▶ **Input material**:
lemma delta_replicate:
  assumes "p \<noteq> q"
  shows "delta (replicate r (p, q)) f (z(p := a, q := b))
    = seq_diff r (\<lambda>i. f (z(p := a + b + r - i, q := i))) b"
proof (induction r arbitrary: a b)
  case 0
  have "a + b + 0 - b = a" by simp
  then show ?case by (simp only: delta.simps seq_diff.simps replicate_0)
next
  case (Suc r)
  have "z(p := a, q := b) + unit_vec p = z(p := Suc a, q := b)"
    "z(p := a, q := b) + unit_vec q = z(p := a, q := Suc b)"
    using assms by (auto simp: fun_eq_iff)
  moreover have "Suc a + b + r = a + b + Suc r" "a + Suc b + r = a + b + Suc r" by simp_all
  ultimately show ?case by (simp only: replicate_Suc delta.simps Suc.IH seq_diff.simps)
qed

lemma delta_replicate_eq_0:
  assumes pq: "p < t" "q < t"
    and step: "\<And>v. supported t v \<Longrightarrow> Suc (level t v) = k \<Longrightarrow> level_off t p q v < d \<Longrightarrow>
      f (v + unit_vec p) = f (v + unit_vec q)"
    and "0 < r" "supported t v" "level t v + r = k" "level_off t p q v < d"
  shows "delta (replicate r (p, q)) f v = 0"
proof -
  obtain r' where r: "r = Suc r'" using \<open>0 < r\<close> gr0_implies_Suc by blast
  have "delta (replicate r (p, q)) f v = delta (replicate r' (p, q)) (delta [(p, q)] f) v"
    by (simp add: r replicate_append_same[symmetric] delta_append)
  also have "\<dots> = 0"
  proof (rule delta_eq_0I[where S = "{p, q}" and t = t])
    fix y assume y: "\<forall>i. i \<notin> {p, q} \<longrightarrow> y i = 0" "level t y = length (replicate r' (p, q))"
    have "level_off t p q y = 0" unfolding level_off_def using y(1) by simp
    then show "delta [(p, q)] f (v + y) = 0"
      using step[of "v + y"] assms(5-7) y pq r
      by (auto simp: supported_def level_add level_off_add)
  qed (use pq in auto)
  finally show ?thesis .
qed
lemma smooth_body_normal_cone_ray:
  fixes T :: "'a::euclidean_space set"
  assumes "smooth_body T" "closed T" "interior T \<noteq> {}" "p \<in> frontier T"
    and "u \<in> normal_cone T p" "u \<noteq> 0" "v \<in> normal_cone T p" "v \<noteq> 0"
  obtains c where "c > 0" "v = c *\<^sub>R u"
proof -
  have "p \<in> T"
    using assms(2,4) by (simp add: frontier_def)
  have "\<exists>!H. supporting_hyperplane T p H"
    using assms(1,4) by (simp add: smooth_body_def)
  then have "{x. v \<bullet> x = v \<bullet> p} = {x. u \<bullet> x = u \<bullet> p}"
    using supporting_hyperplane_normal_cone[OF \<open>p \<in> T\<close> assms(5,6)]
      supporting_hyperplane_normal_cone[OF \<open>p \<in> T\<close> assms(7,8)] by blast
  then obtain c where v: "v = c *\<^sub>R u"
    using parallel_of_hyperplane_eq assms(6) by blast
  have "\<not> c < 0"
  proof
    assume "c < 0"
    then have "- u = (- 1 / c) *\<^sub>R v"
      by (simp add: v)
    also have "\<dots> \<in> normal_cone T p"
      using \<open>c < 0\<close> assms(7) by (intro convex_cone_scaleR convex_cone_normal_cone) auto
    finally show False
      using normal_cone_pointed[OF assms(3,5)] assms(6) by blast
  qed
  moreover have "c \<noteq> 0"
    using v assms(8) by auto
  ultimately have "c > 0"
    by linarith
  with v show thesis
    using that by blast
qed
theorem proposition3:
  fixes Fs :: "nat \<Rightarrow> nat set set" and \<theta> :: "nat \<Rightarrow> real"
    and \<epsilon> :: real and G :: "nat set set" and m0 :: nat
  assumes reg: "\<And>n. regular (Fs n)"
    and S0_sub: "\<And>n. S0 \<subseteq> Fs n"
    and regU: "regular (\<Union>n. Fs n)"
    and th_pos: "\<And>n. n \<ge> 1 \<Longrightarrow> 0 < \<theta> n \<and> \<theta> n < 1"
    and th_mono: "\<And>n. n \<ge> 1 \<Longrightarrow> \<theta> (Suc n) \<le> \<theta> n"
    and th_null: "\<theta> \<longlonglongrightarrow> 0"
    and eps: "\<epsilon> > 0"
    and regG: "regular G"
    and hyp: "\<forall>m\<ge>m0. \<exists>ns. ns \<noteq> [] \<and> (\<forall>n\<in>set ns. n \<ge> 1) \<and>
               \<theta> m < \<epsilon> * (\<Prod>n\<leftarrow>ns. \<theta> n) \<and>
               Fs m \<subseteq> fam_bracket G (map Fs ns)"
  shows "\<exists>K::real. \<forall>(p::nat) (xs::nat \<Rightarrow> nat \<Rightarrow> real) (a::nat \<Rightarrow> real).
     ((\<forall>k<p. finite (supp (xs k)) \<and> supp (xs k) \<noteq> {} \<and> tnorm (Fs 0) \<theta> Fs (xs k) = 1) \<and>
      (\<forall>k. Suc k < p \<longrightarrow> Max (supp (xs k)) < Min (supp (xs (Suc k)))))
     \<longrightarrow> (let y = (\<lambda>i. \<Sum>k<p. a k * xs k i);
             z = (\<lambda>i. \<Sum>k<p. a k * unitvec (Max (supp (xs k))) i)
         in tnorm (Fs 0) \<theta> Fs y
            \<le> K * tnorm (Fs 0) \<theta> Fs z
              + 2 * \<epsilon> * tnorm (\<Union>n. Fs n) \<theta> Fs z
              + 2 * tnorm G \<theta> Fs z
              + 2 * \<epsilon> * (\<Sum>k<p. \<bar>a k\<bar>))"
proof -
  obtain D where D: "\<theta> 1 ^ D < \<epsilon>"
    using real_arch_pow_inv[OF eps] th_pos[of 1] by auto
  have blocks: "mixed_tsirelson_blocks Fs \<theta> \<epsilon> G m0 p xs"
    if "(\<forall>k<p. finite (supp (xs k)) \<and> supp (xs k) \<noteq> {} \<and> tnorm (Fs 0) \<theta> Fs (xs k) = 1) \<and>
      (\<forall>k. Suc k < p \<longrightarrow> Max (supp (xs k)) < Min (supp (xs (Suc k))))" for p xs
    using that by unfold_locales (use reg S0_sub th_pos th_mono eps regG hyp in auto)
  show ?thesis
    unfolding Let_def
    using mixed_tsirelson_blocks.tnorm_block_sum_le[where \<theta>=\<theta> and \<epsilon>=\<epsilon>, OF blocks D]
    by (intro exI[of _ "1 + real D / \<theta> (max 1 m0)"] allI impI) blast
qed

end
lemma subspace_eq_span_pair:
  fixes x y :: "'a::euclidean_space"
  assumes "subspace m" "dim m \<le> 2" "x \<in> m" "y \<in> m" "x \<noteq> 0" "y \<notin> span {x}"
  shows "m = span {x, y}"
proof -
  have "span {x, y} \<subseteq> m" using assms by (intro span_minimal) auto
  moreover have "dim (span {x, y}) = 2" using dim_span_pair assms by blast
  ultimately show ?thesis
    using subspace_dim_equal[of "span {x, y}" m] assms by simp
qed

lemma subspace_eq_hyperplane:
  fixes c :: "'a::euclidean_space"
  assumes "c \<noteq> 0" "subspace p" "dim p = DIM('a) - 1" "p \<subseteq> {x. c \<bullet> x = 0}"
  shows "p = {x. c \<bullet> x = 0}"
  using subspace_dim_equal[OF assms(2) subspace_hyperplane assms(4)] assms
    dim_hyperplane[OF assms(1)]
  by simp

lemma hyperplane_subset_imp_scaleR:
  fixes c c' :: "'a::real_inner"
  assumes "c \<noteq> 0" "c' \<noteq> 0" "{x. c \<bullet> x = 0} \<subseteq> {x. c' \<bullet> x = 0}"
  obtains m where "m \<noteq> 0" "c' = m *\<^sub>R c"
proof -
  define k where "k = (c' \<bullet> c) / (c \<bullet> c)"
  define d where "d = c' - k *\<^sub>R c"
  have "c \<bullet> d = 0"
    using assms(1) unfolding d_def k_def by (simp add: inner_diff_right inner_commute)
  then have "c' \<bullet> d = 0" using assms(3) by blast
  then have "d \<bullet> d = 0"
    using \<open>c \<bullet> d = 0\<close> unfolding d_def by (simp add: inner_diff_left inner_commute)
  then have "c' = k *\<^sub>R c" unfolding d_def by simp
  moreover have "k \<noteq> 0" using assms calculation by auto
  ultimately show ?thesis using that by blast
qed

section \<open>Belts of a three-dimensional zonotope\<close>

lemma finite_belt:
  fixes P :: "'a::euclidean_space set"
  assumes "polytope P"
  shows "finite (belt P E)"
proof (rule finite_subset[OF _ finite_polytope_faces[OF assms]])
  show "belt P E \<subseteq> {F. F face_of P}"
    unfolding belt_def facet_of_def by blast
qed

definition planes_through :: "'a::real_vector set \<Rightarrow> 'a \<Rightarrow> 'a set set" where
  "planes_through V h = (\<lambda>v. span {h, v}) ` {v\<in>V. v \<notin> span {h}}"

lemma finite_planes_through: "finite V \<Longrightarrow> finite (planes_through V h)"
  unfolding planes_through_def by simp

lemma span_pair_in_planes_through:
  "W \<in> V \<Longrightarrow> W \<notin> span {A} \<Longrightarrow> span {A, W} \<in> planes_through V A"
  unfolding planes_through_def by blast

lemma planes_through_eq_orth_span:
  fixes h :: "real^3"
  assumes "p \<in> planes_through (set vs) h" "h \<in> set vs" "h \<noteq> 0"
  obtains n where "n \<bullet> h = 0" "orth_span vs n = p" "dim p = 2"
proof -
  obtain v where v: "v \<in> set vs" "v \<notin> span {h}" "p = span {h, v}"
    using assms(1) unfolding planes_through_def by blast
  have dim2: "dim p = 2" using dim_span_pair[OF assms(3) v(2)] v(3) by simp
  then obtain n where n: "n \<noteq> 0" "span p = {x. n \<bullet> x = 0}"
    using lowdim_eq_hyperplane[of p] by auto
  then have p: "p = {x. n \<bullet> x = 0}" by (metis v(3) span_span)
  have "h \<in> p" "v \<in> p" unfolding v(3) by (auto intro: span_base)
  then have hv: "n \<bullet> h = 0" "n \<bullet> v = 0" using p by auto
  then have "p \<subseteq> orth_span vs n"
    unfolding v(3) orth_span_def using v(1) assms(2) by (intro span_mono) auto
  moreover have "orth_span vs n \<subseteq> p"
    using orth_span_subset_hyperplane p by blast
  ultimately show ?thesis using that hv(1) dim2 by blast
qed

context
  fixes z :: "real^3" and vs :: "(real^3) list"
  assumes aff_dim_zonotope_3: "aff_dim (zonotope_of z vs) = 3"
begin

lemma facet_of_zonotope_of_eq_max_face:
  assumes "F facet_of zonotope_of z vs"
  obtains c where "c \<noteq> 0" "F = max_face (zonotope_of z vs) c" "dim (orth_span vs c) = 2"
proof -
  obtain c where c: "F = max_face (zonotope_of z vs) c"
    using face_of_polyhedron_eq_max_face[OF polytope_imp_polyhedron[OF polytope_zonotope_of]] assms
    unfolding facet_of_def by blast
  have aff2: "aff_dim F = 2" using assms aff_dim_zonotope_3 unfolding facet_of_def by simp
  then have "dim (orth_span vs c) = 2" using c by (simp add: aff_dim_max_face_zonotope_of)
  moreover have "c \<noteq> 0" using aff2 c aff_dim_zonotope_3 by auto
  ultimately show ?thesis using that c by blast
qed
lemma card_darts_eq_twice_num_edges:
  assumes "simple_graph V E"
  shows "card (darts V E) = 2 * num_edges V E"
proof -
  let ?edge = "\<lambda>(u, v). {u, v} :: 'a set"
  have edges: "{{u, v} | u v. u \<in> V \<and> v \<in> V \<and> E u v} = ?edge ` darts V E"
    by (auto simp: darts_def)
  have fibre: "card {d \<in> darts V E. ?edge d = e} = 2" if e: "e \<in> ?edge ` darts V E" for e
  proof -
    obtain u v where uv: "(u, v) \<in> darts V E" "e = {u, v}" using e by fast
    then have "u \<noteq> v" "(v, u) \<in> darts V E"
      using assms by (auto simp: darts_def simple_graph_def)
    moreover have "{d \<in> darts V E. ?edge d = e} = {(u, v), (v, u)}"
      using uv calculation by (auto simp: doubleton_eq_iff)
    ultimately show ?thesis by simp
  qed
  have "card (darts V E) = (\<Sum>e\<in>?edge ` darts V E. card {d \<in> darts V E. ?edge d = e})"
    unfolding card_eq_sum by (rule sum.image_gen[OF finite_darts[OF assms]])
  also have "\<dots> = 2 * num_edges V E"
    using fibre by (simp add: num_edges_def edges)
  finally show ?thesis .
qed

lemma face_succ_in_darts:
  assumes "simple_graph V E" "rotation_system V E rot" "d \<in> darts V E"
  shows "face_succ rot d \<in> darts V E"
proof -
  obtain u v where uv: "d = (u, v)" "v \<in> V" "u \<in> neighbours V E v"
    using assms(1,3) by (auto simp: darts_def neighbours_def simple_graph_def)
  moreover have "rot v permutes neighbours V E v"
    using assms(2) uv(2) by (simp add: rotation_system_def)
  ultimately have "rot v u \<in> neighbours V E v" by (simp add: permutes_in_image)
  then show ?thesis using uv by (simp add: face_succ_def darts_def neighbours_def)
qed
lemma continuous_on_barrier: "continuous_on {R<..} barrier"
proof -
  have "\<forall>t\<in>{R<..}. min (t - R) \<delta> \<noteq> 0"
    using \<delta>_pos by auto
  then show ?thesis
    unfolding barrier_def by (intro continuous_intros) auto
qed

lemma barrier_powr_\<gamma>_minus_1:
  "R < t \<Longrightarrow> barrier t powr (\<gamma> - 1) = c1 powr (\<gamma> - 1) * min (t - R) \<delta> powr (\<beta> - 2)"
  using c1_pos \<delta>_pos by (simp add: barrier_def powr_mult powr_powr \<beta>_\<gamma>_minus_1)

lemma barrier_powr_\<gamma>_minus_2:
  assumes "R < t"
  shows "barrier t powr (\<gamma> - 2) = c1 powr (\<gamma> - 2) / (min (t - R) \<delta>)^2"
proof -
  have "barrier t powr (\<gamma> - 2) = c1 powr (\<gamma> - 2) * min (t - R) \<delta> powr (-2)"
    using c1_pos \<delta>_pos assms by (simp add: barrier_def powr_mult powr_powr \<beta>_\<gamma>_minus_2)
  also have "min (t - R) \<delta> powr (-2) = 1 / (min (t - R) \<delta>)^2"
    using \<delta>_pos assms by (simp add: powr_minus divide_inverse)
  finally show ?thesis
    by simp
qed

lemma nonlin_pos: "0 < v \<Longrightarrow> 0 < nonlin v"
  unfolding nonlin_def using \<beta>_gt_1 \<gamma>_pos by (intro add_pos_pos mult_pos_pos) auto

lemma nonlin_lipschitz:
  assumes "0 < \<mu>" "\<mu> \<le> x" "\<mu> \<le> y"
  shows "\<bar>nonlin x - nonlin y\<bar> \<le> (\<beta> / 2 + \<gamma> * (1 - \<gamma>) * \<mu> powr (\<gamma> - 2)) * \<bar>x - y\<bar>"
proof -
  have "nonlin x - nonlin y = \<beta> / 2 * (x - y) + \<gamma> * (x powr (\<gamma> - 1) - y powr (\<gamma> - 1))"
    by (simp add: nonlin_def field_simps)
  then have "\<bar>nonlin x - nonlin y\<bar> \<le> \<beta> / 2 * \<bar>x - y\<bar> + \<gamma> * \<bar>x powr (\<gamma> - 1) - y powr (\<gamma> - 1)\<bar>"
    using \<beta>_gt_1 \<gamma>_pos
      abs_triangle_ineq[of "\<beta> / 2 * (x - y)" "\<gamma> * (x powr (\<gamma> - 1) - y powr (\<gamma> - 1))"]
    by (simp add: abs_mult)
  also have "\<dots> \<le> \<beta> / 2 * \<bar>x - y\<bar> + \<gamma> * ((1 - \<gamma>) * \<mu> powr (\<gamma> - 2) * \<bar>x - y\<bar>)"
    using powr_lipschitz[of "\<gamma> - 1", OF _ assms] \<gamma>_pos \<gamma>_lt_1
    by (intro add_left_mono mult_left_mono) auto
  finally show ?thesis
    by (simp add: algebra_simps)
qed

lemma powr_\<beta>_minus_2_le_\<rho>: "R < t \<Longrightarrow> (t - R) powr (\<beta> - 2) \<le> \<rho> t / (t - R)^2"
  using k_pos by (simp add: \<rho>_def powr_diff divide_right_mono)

▶ **What is expected**: Please write out exactly the lines from the start of the data through the line that contains "y(1) by simp", both ends included, and nothing else.

▶ **Response to the task**:
lemma delta_replicate:
  assumes "p \<noteq> q"
  shows "delta (replicate r (p, q)) f (z(p := a, q := b))
    = seq_diff r (\<lambda>i. f (z(p := a + b + r - i, q := i))) b"
proof (induction r arbitrary: a b)
  case 0
  have "a + b + 0 - b = a" by simp
  then show ?case by (simp only: delta.simps seq_diff.simps replicate_0)
next
  case (Suc r)
  have "z(p := a, q := b) + unit_vec p = z(p := Suc a, q := b)"
    "z(p := a, q := b) + unit_vec q = z(p := a, q := Suc b)"
    using assms by (auto simp: fun_eq_iff)
  moreover have "Suc a + b + r = a + b + Suc r" "a + Suc b + r = a + b + Suc r" by simp_all
  ultimately show ?case by (simp only: replicate_Suc delta.simps Suc.IH seq_diff.simps)
qed

lemma delta_replicate_eq_0:
  assumes pq: "p < t" "q < t"
    and step: "\<And>v. supported t v \<Longrightarrow> Suc (level t v) = k \<Longrightarrow> level_off t p q v < d \<Longrightarrow>
      f (v + unit_vec p) = f (v + unit_vec q)"
    and "0 < r" "supported t v" "level t v + r = k" "level_off t p q v < d"
  shows "delta (replicate r (p, q)) f v = 0"
proof -
  obtain r' where r: "r = Suc r'" using \<open>0 < r\<close> gr0_implies_Suc by blast
  have "delta (replicate r (p, q)) f v = delta (replicate r' (p, q)) (delta [(p, q)] f) v"
    by (simp add: r replicate_append_same[symmetric] delta_append)
  also have "\<dots> = 0"
  proof (rule delta_eq_0I[where S = "{p, q}" and t = t])
    fix y assume y: "\<forall>i. i \<notin> {p, q} \<longrightarrow> y i = 0" "level t y = length (replicate r' (p, q))"
    have "level_off t p q y = 0" unfolding level_off_def using y(1) by simp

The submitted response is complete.